> [Work task]: From the first line onward, reproduce the records exactly; the final line to include is the one holding "fix q :: nat".

> [Given data]:
text \<open>Misiurewicz class: sequences n \<mapsto> P n of finite Borel partitions, P n having
  k n members P n 0, ..., P n (k n - 1).\<close>
definition misiurewicz_class ::
  "(nat \<Rightarrow> 'a::metric_space measure) \<Rightarrow> ((nat \<Rightarrow> nat) \<times> (nat \<Rightarrow> nat \<Rightarrow> 'a set)) set" where
  "misiurewicz_class \<mu> = {(k, P).
     (\<forall>n. borel_partition (k n) (P n)) \<and> bdd_above (range k) \<and>
     (\<forall>\<epsilon>>0. \<exists>\<delta>>0. \<exists>C. \<forall>n. \<forall>i<k n.
        compact (C n i) \<and> C n i \<subseteq> P n i \<and>
        measure (\<mu> n) (P n i - C n i) \<le> \<epsilon> \<and>
        (\<forall>j<k n. i \<noteq> j \<longrightarrow> (\<forall>x\<in>C n i. \<forall>y\<in>C n j. dist x y \<ge> \<delta>)))}"

end

theory Submission
  imports Defs
begin

text \<open>
  The frontier of each \<open>P\<^sub>i\<close> is a closed set that is null for every weak-star limit point of
  the \<open>\<mu>\<^sub>n\<close>, since such a limit is equivalent to \<open>\<mu>\<^sub>0\<close>, which kills the frontier. By
  compactness of the space of probability measures (Prokhorov), the \<open>t\<close>-neighbourhoods of the
  frontiers then have \<open>\<mu>\<^sub>n\<close>-measure small uniformly in \<open>n\<close> once \<open>t\<close> is small: otherwise a weak
  limit of a subsequence along which these measures stay large would, by the portmanteau
  inequality, charge every neighbourhood of a frontier and hence the frontier itself. Removing
  these neighbourhoods from the \<open>P\<^sub>i\<close> leaves pairwise disjoint compact sets, which lie at positive
  distance from each other.

  Prokhorov's theorem is reduced to Helly's selection theorem by coding \<open>X\<close> into \<open>[0, 1]\<close> by a
  Borel injection with uniformly continuous inverse.
\<close>

section \<open>Coding a compact metric space into the unit interval\<close>

lemma summable_ternary_series:
  fixes b :: "nat \<Rightarrow> real"
  assumes "\<And>q. \<bar>b q\<bar> \<le> 1"
  shows "summable (\<lambda>q. 2 * b q / 3 ^ Suc q)"
proof (rule summable_comparison_test)
  show "summable (\<lambda>q. 2 * (1/3::real) ^ q)"
    by (intro summable_mult summable_geometric) auto
  show "\<exists>N. \<forall>q\<ge>N. norm (2 * b q / 3 ^ Suc q) \<le> 2 * (1/3) ^ q"
  proof (intro exI allI impI)
    fix q :: nat
    show "norm (2 * b q / 3 ^ Suc q) \<le> 2 * (1/3) ^ q"
      using assms[of q] by (simp add: abs_mult power_divide field_simps)
  qed
qed

text \<open>A ternary series with digits in \<open>[-1, 1]\<close> is dominated by its first nonzero digit,
  provided that digit is \<open>\<plusminus>1\<close>: the tail sums to at most half of its weight.\<close>
lemma ternary_series_first_digit:
  fixes d :: "nat \<Rightarrow> real"
  assumes bd: "\<And>q. \<bar>d q\<bar> \<le> 1" and zero: "\<And>q. q < p \<Longrightarrow> d q = 0" and one: "\<bar>d p\<bar> = 1"
  shows "1 / 3 ^ Suc p \<le> \<bar>\<Sum>q. 2 * d q / 3 ^ Suc q\<bar>"
proof -
  define a where "a q = 2 * d q / 3 ^ Suc q" for q
  have "norm (\<Sum>q. a (q + Suc p)) \<le> (\<Sum>q. (2 / 3 ^ (p+2)) * (1/3::real) ^ q)"
  proof (rule norm_suminf_le)
    show "norm (a (q + Suc p)) \<le> (2 / 3 ^ (p+2)) * (1/3) ^ q" for q
      using bd[of "q + Suc p"] by (auto simp: a_def abs_mult power_add power_divide field_simps)
    show "summable (\<lambda>q. (2 / 3 ^ (p+2)) * (1/3::real) ^ q)"
      by (intro summable_mult summable_geometric) auto
  qed
  also have "\<dots> = 1 / 3 ^ Suc p"
    by (subst suminf_mult) (simp_all add: suminf_geometric)
  finally have tail: "\<bar>\<Sum>q. a (q + Suc p)\<bar> \<le> 1 / 3 ^ Suc p" by simp
  have "(\<Sum>q. a q) = (\<Sum>q. a (q + Suc p)) + a p"
    using suminf_split_initial_segment[OF summable_ternary_series[of d, OF bd], of "Suc p"] zero
    by (simp add: a_def)
  moreover have "\<bar>a p\<bar> = 2 / 3 ^ Suc p"
    using one by (simp add: a_def abs_mult)
  ultimately show ?thesis
    using tail unfolding a_def by linarith
qed

definition ternary_code :: "(nat \<Rightarrow> 'a set) \<Rightarrow> 'a \<Rightarrow> real" where
  "ternary_code F x = (\<Sum>p. 2 * indicator (F p) x / 3 ^ Suc p)"

lemma summable_ternary_code: "summable (\<lambda>p. 2 * indicator (F p) x / 3 ^ Suc p :: real)"
  by (rule summable_ternary_series) (auto simp: indicator_def)

lemma ternary_code_bounds: "ternary_code F x \<in> {0..1}"
  unfolding atLeastAtMost_iff
proof
  show "0 \<le> ternary_code F x"
    unfolding ternary_code_def by (intro suminf_nonneg summable_ternary_code) auto
  have "ternary_code F x \<le> (\<Sum>p. 2 * 1 / 3 ^ Suc p :: real)"
    unfolding ternary_code_def
    by (intro suminf_le summable_ternary_code summable_ternary_series) (auto simp: indicator_def)
  also have "\<dots> = (\<Sum>p. (2/3) * (1/3) ^ p)"
    by (simp add: power_divide field_simps)
  also have "\<dots> = 1"
    by (subst suminf_mult) (simp_all add: suminf_geometric)
  finally show "ternary_code F x \<le> 1" .
qed

lemma ternary_code_measurable:
  assumes "\<And>p. F p \<in> sets borel"
  shows "ternary_code F \<in> borel_measurable borel"
  unfolding ternary_code_def
  by (intro borel_measurable_suminf borel_measurable_divide borel_measurable_times
      borel_measurable_const borel_measurable_indicator assms)

lemma ternary_code_close_imp_same_digits:
  assumes close: "\<bar>ternary_code F x - ternary_code F y\<bar> < 1 / 3 ^ N" and "q < N"
  shows "x \<in> F q \<longleftrightarrow> y \<in> F q"
proof (rule ccontr)
  define d where "d p = indicator (F p) x - (indicator (F p) y :: real)" for p
  assume "\<not> (x \<in> F q \<longleftrightarrow> y \<in> F q)"
  then have "d q \<noteq> 0"
    by (auto simp: d_def indicator_def)
  define p where "p = (LEAST p. d p \<noteq> 0)"
  have "d p \<noteq> 0" "p \<le> q"
    using LeastI[of "\<lambda>p. d p \<noteq> 0"] Least_le[of "\<lambda>p. d p \<noteq> 0"] \<open>d q \<noteq> 0\<close>
    by (auto simp: p_def)
  have "ternary_code F x - ternary_code F y = (\<Sum>p. 2 * d p / 3 ^ Suc p)"
    unfolding ternary_code_def d_def
    by (subst suminf_diff[OF summable_ternary_code summable_ternary_code])
       (simp add: right_diff_distrib diff_divide_distrib)
  also have "1 / 3 ^ Suc p \<le> \<bar>\<dots>\<bar>"
  proof (rule ternary_series_first_digit)
    show "\<bar>d r\<bar> \<le> 1" for r
      by (auto simp: d_def indicator_def)
    show "d r = 0" if "r < p" for r
      using not_less_Least that unfolding p_def by blast
    show "\<bar>d p\<bar> = 1"
      using \<open>d p \<noteq> 0\<close> by (auto simp: d_def indicator_def split: if_splits)
  qed
  moreover have "(1::real) / 3 ^ N \<le> 1 / 3 ^ Suc p"
    using \<open>p \<le> q\<close> \<open>q < N\<close> by (intro divide_left_mono power_increasing) auto
  ultimately show False
    using close by linarith
qed

lemma compact_finite_nets:
  assumes "compact (UNIV :: 'a set)"
  obtains qs :: "nat \<Rightarrow> 'a::metric_space list" where "\<And>m x. \<exists>j<length (qs m). dist x (qs m ! j) < 1 / (real m + 1)"
proof -
  have "\<exists>xs :: 'a list. \<forall>x. \<exists>j<length xs. dist x (xs ! j) < 1 / (real m + 1)" for m
  proof -
    have "1 / (real m + 1) > 0"
      by simp
    moreover have "\<forall>\<epsilon>>0. \<exists>Q. finite Q \<and> UNIV \<subseteq> (\<Union>q\<in>Q. ball (q::'a) \<epsilon>)"
      using assms unfolding compact_eq_totally_bounded by (elim conjE)
    ultimately obtain Q :: "'a set" where "finite Q" and cover: "UNIV \<subseteq> (\<Union>q\<in>Q. ball q (1 / (real m + 1)))"
      by meson
    obtain xs where xs: "set xs = Q"
      using finite_list[OF \<open>finite Q\<close>] by blast
    show ?thesis
    proof (intro exI[of _ xs] allI)
      fix x
      obtain q where "q \<in> Q" "dist q x < 1 / (real m + 1)"
        using subsetD[OF cover UNIV_I[of x]] by auto
      moreover obtain j where "j < length xs" "xs ! j = q"
        using xs \<open>q \<in> Q\<close> by (auto simp: in_set_conv_nth)
      ultimately show "\<exists>j<length xs. dist x (xs ! j) < 1 / (real m + 1)"
        by (auto simp: dist_commute)
    qed
  qed
  then have "\<exists>qs :: nat \<Rightarrow> 'a list. \<forall>m x. \<exists>j<length (qs m). dist x (qs m ! j) < 1 / (real m + 1)"
    by (rule choice[OF allI])
  then show ?thesis
    using that by blast
qed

> [Exercise output]:
text \<open>Misiurewicz class: sequences n \<mapsto> P n of finite Borel partitions, P n having
  k n members P n 0, ..., P n (k n - 1).\<close>
definition misiurewicz_class ::
  "(nat \<Rightarrow> 'a::metric_space measure) \<Rightarrow> ((nat \<Rightarrow> nat) \<times> (nat \<Rightarrow> nat \<Rightarrow> 'a set)) set" where
  "misiurewicz_class \<mu> = {(k, P).
     (\<forall>n. borel_partition (k n) (P n)) \<and> bdd_above (range k) \<and>
     (\<forall>\<epsilon>>0. \<exists>\<delta>>0. \<exists>C. \<forall>n. \<forall>i<k n.
        compact (C n i) \<and> C n i \<subseteq> P n i \<and>
        measure (\<mu> n) (P n i - C n i) \<le> \<epsilon> \<and>
        (\<forall>j<k n. i \<noteq> j \<longrightarrow> (\<forall>x\<in>C n i. \<forall>y\<in>C n j. dist x y \<ge> \<delta>)))}"

end

theory Submission
  imports Defs
begin

text \<open>
  The frontier of each \<open>P\<^sub>i\<close> is a closed set that is null for every weak-star limit point of
  the \<open>\<mu>\<^sub>n\<close>, since such a limit is equivalent to \<open>\<mu>\<^sub>0\<close>, which kills the frontier. By
  compactness of the space of probability measures (Prokhorov), the \<open>t\<close>-neighbourhoods of the
  frontiers then have \<open>\<mu>\<^sub>n\<close>-measure small uniformly in \<open>n\<close> once \<open>t\<close> is small: otherwise a weak
  limit of a subsequence along which these measures stay large would, by the portmanteau
  inequality, charge every neighbourhood of a frontier and hence the frontier itself. Removing
  these neighbourhoods from the \<open>P\<^sub>i\<close> leaves pairwise disjoint compact sets, which lie at positive
  distance from each other.

  Prokhorov's theorem is reduced to Helly's selection theorem by coding \<open>X\<close> into \<open>[0, 1]\<close> by a
  Borel injection with uniformly continuous inverse.
\<close>

section \<open>Coding a compact metric space into the unit interval\<close>

lemma summable_ternary_series:
  fixes b :: "nat \<Rightarrow> real"
  assumes "\<And>q. \<bar>b q\<bar> \<le> 1"
  shows "summable (\<lambda>q. 2 * b q / 3 ^ Suc q)"
proof (rule summable_comparison_test)
  show "summable (\<lambda>q. 2 * (1/3::real) ^ q)"
    by (intro summable_mult summable_geometric) auto
  show "\<exists>N. \<forall>q\<ge>N. norm (2 * b q / 3 ^ Suc q) \<le> 2 * (1/3) ^ q"
  proof (intro exI allI impI)
    fix q :: nat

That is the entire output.